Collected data
Segment Open

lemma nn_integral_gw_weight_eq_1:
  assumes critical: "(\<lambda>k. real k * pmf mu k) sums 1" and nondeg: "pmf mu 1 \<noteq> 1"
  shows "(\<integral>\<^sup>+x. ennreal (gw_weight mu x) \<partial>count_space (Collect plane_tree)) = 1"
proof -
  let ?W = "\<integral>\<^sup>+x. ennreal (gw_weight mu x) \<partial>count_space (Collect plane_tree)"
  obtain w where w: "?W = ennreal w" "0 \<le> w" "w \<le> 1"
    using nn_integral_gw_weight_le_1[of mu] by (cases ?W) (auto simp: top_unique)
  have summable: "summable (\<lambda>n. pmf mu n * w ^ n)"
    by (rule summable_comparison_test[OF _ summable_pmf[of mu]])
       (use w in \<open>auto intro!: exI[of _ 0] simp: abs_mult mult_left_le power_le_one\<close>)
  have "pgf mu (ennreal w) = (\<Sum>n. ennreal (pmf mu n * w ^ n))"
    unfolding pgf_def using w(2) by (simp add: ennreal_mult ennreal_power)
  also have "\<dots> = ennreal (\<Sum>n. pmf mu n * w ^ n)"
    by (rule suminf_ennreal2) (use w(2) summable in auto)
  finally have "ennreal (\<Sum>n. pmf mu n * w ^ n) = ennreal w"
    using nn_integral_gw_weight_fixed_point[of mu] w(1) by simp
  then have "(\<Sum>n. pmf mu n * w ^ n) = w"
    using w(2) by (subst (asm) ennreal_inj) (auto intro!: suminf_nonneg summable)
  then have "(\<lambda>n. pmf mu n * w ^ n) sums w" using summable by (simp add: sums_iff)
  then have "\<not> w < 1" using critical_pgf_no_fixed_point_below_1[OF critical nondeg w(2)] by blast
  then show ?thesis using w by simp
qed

Segment Closed
Segment Open

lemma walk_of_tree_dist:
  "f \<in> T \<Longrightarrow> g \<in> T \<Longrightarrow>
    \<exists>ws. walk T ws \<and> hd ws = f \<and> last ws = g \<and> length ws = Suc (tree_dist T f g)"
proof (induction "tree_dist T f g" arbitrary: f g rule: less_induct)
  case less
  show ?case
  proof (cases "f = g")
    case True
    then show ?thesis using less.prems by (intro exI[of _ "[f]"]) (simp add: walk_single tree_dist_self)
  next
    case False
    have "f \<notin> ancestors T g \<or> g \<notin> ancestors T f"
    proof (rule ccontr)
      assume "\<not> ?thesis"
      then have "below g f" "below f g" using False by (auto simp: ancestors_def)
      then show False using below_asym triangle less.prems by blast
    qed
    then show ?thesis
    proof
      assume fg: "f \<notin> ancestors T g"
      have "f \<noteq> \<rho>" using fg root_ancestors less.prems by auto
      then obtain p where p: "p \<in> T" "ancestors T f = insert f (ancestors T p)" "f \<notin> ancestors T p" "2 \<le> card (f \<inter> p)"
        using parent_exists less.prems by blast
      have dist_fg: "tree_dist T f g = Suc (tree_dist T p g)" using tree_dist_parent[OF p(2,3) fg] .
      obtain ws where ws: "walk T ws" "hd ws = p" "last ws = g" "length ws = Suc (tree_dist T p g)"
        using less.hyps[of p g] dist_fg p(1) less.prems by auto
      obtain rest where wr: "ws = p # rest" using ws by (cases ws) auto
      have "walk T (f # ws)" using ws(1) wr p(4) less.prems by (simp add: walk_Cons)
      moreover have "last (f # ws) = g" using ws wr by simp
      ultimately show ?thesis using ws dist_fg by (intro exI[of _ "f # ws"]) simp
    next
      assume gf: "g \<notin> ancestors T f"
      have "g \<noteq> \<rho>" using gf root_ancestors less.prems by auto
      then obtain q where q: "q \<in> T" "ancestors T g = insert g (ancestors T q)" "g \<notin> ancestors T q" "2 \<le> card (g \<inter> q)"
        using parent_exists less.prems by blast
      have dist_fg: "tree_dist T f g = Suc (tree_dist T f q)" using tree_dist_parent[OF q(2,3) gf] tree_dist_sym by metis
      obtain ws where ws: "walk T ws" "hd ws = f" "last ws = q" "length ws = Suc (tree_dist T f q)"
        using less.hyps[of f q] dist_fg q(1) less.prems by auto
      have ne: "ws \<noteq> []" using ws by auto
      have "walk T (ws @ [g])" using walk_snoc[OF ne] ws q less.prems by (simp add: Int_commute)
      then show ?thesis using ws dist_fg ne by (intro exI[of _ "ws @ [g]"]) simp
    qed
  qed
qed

Segment Closed

> _WHAT NEEDS TO BE DONE_
Using the records above, copy every line that has the word "cases" in it.

> _OUTPUT BELOW_
    using nn_integral_gw_weight_le_1[of mu] by (cases ?W) (auto simp: top_unique)
  proof (cases "f = g")
      obtain rest where wr: "ws = p # rest" using ws by (cases ws) auto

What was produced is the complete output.